- Born: 1 February 1944 Edinburgh, Scotland, UK
- Died: 3 August 2015 (aged 71) New York City
- Occupation: Editor, translator

= Carol Brown Janeway =

Scottish editor and literary translator into English (1944 – 2015)

Carol Janet Brown Janeway (1 February 1944 – 3 August 2015) was a Scottish-American editor and literary translator into English. She is best known for her translation of Bernhard Schlink's The Reader.

==Biography==
Carol Janet Brown was born in Edinburgh, Scotland. Her father Robin Brown was a chartered accountant, while her mother was a director of the Ranfurly Library, specialising in the translation of medieval French and German lyrics. She attended St George's School, Edinburgh and went on to study modern and medieval languages at Girton College, Cambridge. After graduating with a first-class degree, she worked at John Farquharson, a literary agency in London.
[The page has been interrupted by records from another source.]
text \<open>Along a subsequence e0 converges to a unit vector of the limit ray, which must be u;
  meanwhile w k \<bullet> e0 k = \<epsilon> k |w k|^2 / 2 tends to 0 for the difference quotients w k.\<close>
lemma inner_limit_difference_quotient_generator:
  fixes e0 e1 :: "nat \<Rightarrow> 'a::euclidean_space"
  assumes u: "unit_generator u (orth F \<inter> rel_dual_cone E)"
    and "\<And>k. e0 k \<in> orth (F0 k) \<inter> rel_dual_cone E" "\<And>k. norm (e0 k) = 1" "\<And>k. norm (e1 k) = 1"
    and "limitin fell_topology F0 F sequentially" "\<And>k. closed (F0 k)" "\<And>k. F0 k \<noteq> {}"
    and "\<And>k. \<epsilon> k > 0" "\<epsilon> \<longlonglongrightarrow> 0"
    and w: "(\<lambda>k. (1 / \<epsilon> k) *\<^sub>R (e0 k - e1 k)) \<longlonglongrightarrow> v"
  shows "v \<bullet> u = 0"
proof -
  define w where "w k = (1 / \<epsilon> k) *\<^sub>R (e0 k - e1 k)" for k
  obtain g r where "norm g = 1" "strict_mono r" and g: "(e0 \<circ> r) \<longlonglongrightarrow> g"
    using compact_sphere[of 0 1] assms(3)
    by (auto simp: compact_def dist_norm elim!: allE[of _ e0])
  have "g \<in> orth F \<inter> rel_dual_cone E"
    using \<open>strict_mono r\<close> assms(2,5-7)
    by (intro limit_in_orth_Int_rel_dual_cone[OF _ g, of "F0 \<circ> r"]) (auto intro: limitin_subsequence)
  then have "g = u" using unit_generator_unique[OF u] \<open>norm g = 1\<close> by blast
  have quotient: "w k \<bullet> e0 k = \<epsilon> k * (norm (w k))\<^sup>2 / 2" for k
  proof -
    have "w k \<bullet> e0 k = (1 / \<epsilon> k) * ((e0 k - e1 k) \<bullet> e0 k)"
      by (simp only: w_def inner_scaleR_left)
    also have "\<dots> = (1 / \<epsilon> k) * (norm (e0 k - e1 k))\<^sup>2 / 2"
      by (simp add: inner_diff_unit_vectors assms(3,4))
    also have "\<dots> = \<epsilon> k * (norm (w k))\<^sup>2 / 2"
      using assms(8)[of k] by (simp only: w_def norm_scaleR) (simp add: power2_eq_square)
    finally show ?thesis .
  qed
  have "(\<lambda>k. \<epsilon> k * (norm (w k))\<^sup>2 / 2) \<longlonglongrightarrow> 0 * (norm v)\<^sup>2 / 2"
    using w unfolding w_def[symmetric] by (intro tendsto_intros assms(9)) auto
  then have "(\<lambda>k. w k \<bullet> e0 k) \<longlonglongrightarrow> 0" unfolding quotient by simp
  from LIMSEQ_subseq_LIMSEQ[OF this \<open>strict_mono r\<close>]
  have "(\<lambda>k. w (r k) \<bullet> e0 (r k)) \<longlonglongrightarrow> 0" by (simp add: o_def)
  moreover have "(\<lambda>k. w (r k) \<bullet> e0 (r k)) \<longlonglongrightarrow> v \<bullet> g"
    using LIMSEQ_subseq_LIMSEQ[OF w[folded w_def] \<open>strict_mono r\<close>] g
    by (intro tendsto_inner) (auto simp: o_def)
  ultimately show ?thesis using LIMSEQ_unique \<open>g = u\<close> by blast
qed

lemma E_half_limit_difference_quotient:
  fixes E F :: "'a::euclidean_space set" and F0 F1 :: "nat \<Rightarrow> 'a set"
  assumes gen: "\<And>G. G \<in> insert F (range F0 \<union> range F1) \<Longrightarrow>
      unit_generator (e_gen G E) (orth G \<inter> rel_dual_cone E)"
    and faces: "\<And>G. G \<in> insert F (range F0 \<union> range F1) \<Longrightarrow> G \<subseteq> E \<and> closed G \<and> G \<noteq> {}"
    and "limitin fell_topology F0 F sequentially" "limitin fell_topology F1 F sequentially"
    and "\<And>k. \<epsilon> k > 0" "\<epsilon> \<longlonglongrightarrow> 0"
    and w: "(\<lambda>k. (1 / \<epsilon> k) *\<^sub>R (e_gen (F0 k) E - e_gen (F1 k) E)) \<longlonglongrightarrow> v"
  shows "v \<in> E_half E F"
proof -
  have F: "unit_generator (e_gen F E) (orth F \<inter> rel_dual_cone E)" using gen by simp
  have e: "e_gen G E \<in> orth G \<inter> rel_dual_cone E" "norm (e_gen G E) = 1"
    "rel_dual_cone E \<subseteq> dual_cone G" "closed G" "G \<noteq> {}"
    if "G \<in> range F0 \<union> range F1" for G
  proof -
    from that have G: "G \<in> insert F (range F0 \<union> range F1)" by blast
    show "e_gen G E \<in> orth G \<inter> rel_dual_cone E" using unit_generator_mem[OF gen[OF G]] .
    show "norm (e_gen G E) = 1" using gen[OF G] unfolding unit_generator_def by blast
    show "rel_dual_cone E \<subseteq> dual_cone G" "closed G" "G \<noteq> {}"
      using faces[OF G] rel_dual_cone_subset_dual_cone[of G E] by blast+
  qed
  have "v \<in> span E"
  proof (rule Lim_in_closed_set[OF closed_span _ _ w])
    have "e_gen (F0 k) E \<in> span E" "e_gen (F1 k) E \<in> span E" for k
      using e(1)[of "F0 k"] e(1)[of "F1 k"] unfolding rel_dual_cone_def by blast+
    then show "\<forall>\<^sub>F k in sequentially. (1 / \<epsilon> k) *\<^sub>R (e_gen (F0 k) E - e_gen (F1 k) E) \<in> span E"
      by (intro always_eventually allI span_mul span_diff)
  qed simp
  moreover have "v \<in> orth F"
  proof (rule orth_limit_difference_quotient[OF _ _ assms(3) _ _ assms(4) _ _ assms(5) w])
    fix k
    show "e_gen (F0 k) E \<in> orth (F0 k) \<inter> dual_cone (F1 k)"
      "e_gen (F1 k) E \<in> orth (F1 k) \<inter> dual_cone (F0 k)"
      "closed (F0 k)" "F0 k \<noteq> {}" "closed (F1 k)" "F1 k \<noteq> {}"
      using e(1,3-5)[of "F0 k"] e(1,3-5)[of "F1 k"] by blast+
  qed
  moreover have "v \<bullet> e_gen F E = 0"
  proof (rule inner_limit_difference_quotient_generator[OF F _ _ _ assms(3) _ _ assms(5,6) w])
    fix k
    show "e_gen (F0 k) E \<in> orth (F0 k) \<inter> rel_dual_cone E" "norm (e_gen (F0 k) E) = 1"
      "norm (e_gen (F1 k) E) = 1" "closed (F0 k)" "F0 k \<noteq> {}"
      using e[of "F0 k"] e(2)[of "F1 k"] by blast+
  qed
  ultimately show ?thesis unfolding E_half_def orth_def by (simp add: inner_commute)
qed
(* Let $n$ be even. The map $\mathrm{Sm}(v_0,\dots,v_n)=2^{-(n+1)}\sum_{\sigma_0,\dots,\sigma_n\in\{\pm1\}}S(\sigma_0v_0,\dots,\sigma_nv_n)$ descends to a map $(\mathbb{P}(\mathbb{R}^n))^{n+1}\to\mathbb{R}_\varepsilon$ which is $\mathrm{GL}_n(\mathbb{R})$-equivariant (i.e. $\mathrm{Sm}(gv_0,\dots,gv_n)=\operatorname{sign}(\det g)\mathrm{Sm}(v_0,\dots,v_n)$), and its coboundary $d\,\mathrm{Sm}$ vanishes on all hereditarily spanning $(n+2)$-tuples.
   Context: $\mathrm{Or}(v_1,\dots,v_n)=\operatorname{sign}\det(v_1,\dots,v_n)$ (zero if not a basis). $S:(\mathbb{R}^n)^{n+1}\to\{-1,0,1\}$ is defined by $S(v_0,\dots,v_n)=0$ if $0$ is not in the interior of the convex hull of $v_0,\dots,v_n$, and otherwise $S(v_0,\dots,v_n)=(-1)^i\mathrm{Or}(v_0,\dots,\widehat{v_i},\dots,v_n)$ for any $i$ (independent of $i$). $\mathbb{R}_\varepsilon$ is $\mathbb{R}$ with $g$ acting by $\operatorname{sign}\det g$. A tuple is hereditarily spanning if any $n$ of its entries span $\mathbb{R}^n$. $d$ is the alternating sum of omissions of variables. *)

theory Defs
  imports "HOL-Analysis.Analysis"
begin

text \<open>Vectors of R^n are elements of real^'n, with n = CARD('n). The coordinate
  index type 'n carries a linear order, used to identify it with {0..n-1}
  (position of a coordinate j is the number of coordinates smaller than j).\<close>

definition coord_pos :: "'n::{finite,linorder} \<Rightarrow> nat" where
  "coord_pos j = card {k. k < j}"

definition Or :: "(nat \<Rightarrow> real^'n::{finite,linorder}) \<Rightarrow> real" where
  "Or w = sgn (det (\<chi> i j. w (coord_pos j) $ i))"

text \<open>S(v_0,...,v_n): zero unless 0 is in the interior of the convex hull,
  otherwise (-1)^i Or(v_0,..,omit v_i,..,v_n), here taken with i = 0.\<close>
definition S :: "(nat \<Rightarrow> real^'n::{finite,linorder}) \<Rightarrow> real" where
  "S v = (if 0 \<in> interior (convex hull (v ` {..CARD('n)}))
          then Or (\<lambda>k. v (Suc k)) else 0)"

definition Sm :: "(nat \<Rightarrow> real^'n::{finite,linorder}) \<Rightarrow> real" where
  "Sm v = (1 / 2 ^ (CARD('n) + 1)) *
     (\<Sum>\<sigma> \<in> Pi\<^sub>E {..CARD('n)} (\<lambda>_. {-1::real, 1}). S (\<lambda>i. \<sigma> i *\<^sub>R v i))"

definition omit :: "nat \<Rightarrow> (nat \<Rightarrow> 'a) \<Rightarrow> nat \<Rightarrow> 'a" where
  "omit i w k = (if k < i then w k else w (Suc k))"

definition cobdry :: "((nat \<Rightarrow> real^'n::{finite,linorder}) \<Rightarrow> real) \<Rightarrow> (nat \<Rightarrow> real^'n::{finite,linorder}) \<Rightarrow> real" where
  "cobdry f w = (\<Sum>i\<le>CARD('n) + 1. (-1) ^ i * f (omit i w))"

definition hered_spanning :: "(nat \<Rightarrow> real^'n::{finite,linorder}) \<Rightarrow> bool" where
  "hered_spanning w \<longleftrightarrow>
     (\<forall>I \<subseteq> {..CARD('n) + 1}. card I = CARD('n) \<longrightarrow> span (w ` I) = UNIV)"

end

theory Submission imports Defs begin

(*
  Write n = CARD('n).  For an (n+1)-tuple u let
  cofactor i u = (-1)^i det(u_0, .., u_{i-1}, u_{i+1}, .., u_n) be its signed maximal minors.

  The cofactors satisfy the Cramer relation
      sum_i cofactor i u *R u_i = 0, and the coefficients of any linear relation among the
      u_i are proportional to them.  Hence 0 lies in the interior of the convex hull of
      u_0, .., u_n iff all cofactors are nonzero of one sign, and S u is then that sign.
  (2) Closed formula (sections 6-7).  Rescaling u_j by c_j multiplies cofactor i by all
      c_j with j <> i.  For even n exactly two of the 2^(n+1) sign flips make the cofactors
      agree in sign, each contributing prod_i sgn (cofactor i u); therefore
      Sm u = (prod_i sgn (cofactor i u)) / 2^n.  Invariance under rescaling and
      GL_n-equivariance are immediate from this formula.
  (3) Cocycle (sections 8-10).  For an (n+2)-tuple w whose last n entries form a basis,
      every maximal minor of w is a 2x2 determinant of planar "Gale" points z_0, .., z_{n+1}
      (built from the coordinates of w_0, w_1 in that basis) times the basis determinant.
      So d Sm w is a multiple of sum_i prod_{j <> i} sgn det(z_i, z_j), which vanishes for
      an even number of pairwise independent points in the plane by a counting argument.
*)

lemma coord_pos_less: "coord_pos (j::'n::{finite,linorder}) < CARD('n)"
  unfolding coord_pos_def by (rule psubset_card_mono) auto

lemma strict_mono_coord_pos: "strict_mono (coord_pos :: 'n::{finite,linorder} \<Rightarrow> nat)"
  unfolding strict_mono_def coord_pos_def by (intro allI impI psubset_card_mono) auto

lemma bij_coord_pos: "bij_betw (coord_pos :: 'n::{finite,linorder} \<Rightarrow> nat) UNIV {..<CARD('n)}"
proof -
  have inj: "inj (coord_pos :: 'n \<Rightarrow> nat)"
    using strict_mono_coord_pos by (rule strict_mono_imp_inj_on)
  have "range (coord_pos :: 'n \<Rightarrow> nat) \<subseteq> {..<CARD('n)}" using coord_pos_less by auto
  moreover have "card (range (coord_pos :: 'n \<Rightarrow> nat)) = CARD('n)"
    using inj card_image by blast
  ultimately have "range (coord_pos :: 'n \<Rightarrow> nat) = {..<CARD('n)}"
    by (metis card_lessThan card_subset_eq finite_lessThan)
  then show ?thesis using inj by (simp add: bij_betw_def)
qed

definition coord_of :: "nat \<Rightarrow> 'n::{finite,linorder}" where
  "coord_of k = inv coord_pos k"

lemma coord_pos_coord_of: "k < CARD('n::{finite,linorder}) \<Longrightarrow> coord_pos (coord_of k :: 'n) = k"
  unfolding coord_of_def using bij_coord_pos
  by (metis bij_betw_imp_surj_on f_inv_into_f lessThan_iff)

lemma coord_of_coord_pos: "coord_of (coord_pos (j::'n::{finite,linorder})) = j"
  unfolding coord_of_def using bij_coord_pos by (metis bij_betw_imp_inj_on inv_f_f)

text \<open>coldet w is the determinant of the matrix with columns w_0, ..., w_{n-1};
  Or w is its sign.  Only the first n entries of w matter.\<close>
definition coldet :: "(nat \<Rightarrow> real^'n::{finite,linorder}) \<Rightarrow> real" where
  "coldet w = det (\<chi> i j. w (coord_pos j) $ i)"

lemma Or_eq_sgn_coldet: "Or w = sgn (coldet w)"
  by (simp add: Or_def coldet_def)

lemma coldet_as_rows: "coldet (w::nat \<Rightarrow> real^'n::{finite,linorder}) = det (\<chi> j. w (coord_pos j))"
proof -
  have transp: "(\<chi> i j. w (coord_pos j) $ i) = transpose (\<chi> j. w (coord_pos j))"
    by (simp add: transpose_def vec_eq_iff)
  show ?thesis unfolding coldet_def transp det_transpose ..
qed

lemma coldet_upd_as_rows: "k < CARD('n) \<Longrightarrow>
   coldet ((w::nat \<Rightarrow> real^'n::{finite,linorder})(k := x)) =
   det (\<chi> j. if j = coord_of k then x else w (coord_pos j))"
  unfolding coldet_as_rows
  by (rule arg_cong[where f=det])
     (auto simp: vec_eq_iff coord_pos_coord_of coord_of_coord_pos dest: arg_cong[where f=coord_of])

lemma coldet_swap:
  assumes "a < CARD('n)" "b < CARD('n)" "a \<noteq> b"
  shows "coldet ((w::nat \<Rightarrow> real^'n::{finite,linorder})(a := w b, b := w a)) = - coldet w"
proof -
  let ?t = "Transposition.transpose (coord_of a :: 'n) (coord_of b)"
  have ne: "coord_of a \<noteq> (coord_of b :: 'n)" using assms coord_pos_coord_of by metis
  have perm: "?t permutes UNIV" by (simp add: permutes_swap_id)
  have pos: "coord_pos (coord_of a :: 'n) = a" "coord_pos (coord_of b :: 'n) = b"
    using assms by (simp_all add: coord_pos_coord_of)
  have swapped: "(w(a := w b, b := w a)) (coord_pos j) = w (coord_pos (?t j))" for j
  proof -
    consider "j = coord_of a" | "j = coord_of b" | "j \<noteq> coord_of a" "j \<noteq> coord_of b" by blast
    then show ?thesis
    proof cases
      case 3
      then have "coord_pos j \<noteq> a" "coord_pos j \<noteq> b" using coord_of_coord_pos by metis+
      with 3 show ?thesis by (simp add: transpose_def)
    qed (use pos ne assms in \<open>auto simp: transpose_def\<close>)
  qed
  have permuted: "(\<chi> i j. (w(a := w b, b := w a)) (coord_pos j) $ i) =
        (\<chi> i j. (\<chi> i j. w (coord_pos j) $ i) $ i $ ?t j)"
    by (simp only: swapped vec_lambda_beta)
  show ?thesis
    unfolding coldet_def permuted det_permute_columns[OF perm] using ne by (simp add: sign_swap_id)
qed

lemma coldet_repeated:
  assumes "a < CARD('n)" "b < CARD('n)" "a \<noteq> b" "w a = w b"
  shows "coldet (w::nat \<Rightarrow> real^'n::{finite,linorder}) = 0"
proof -
  have ne: "coord_of a \<noteq> (coord_of b :: 'n)" using assms coord_pos_coord_of by metis
  show ?thesis unfolding coldet_as_rows
    by (rule det_identical_rows[OF ne]) (simp add: row_def vec_eq_iff coord_pos_coord_of assms)
qed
In 1970 she moved to New York, where she joined the publisher Alfred A. Knopf. She became a senior editor, responsible for purchasing publishing rights from international publishers, and began her parallel career in literary translation, mainly from German.

Among the authors Janeway edited was George MacDonald Fraser. She also published Heinrich Böll, Imre Kertész, Thomas Mann, José Donoso, Ivan Klima, Yukio Mishima, Elsa Morante, Robert Musil and Patrick Süskind.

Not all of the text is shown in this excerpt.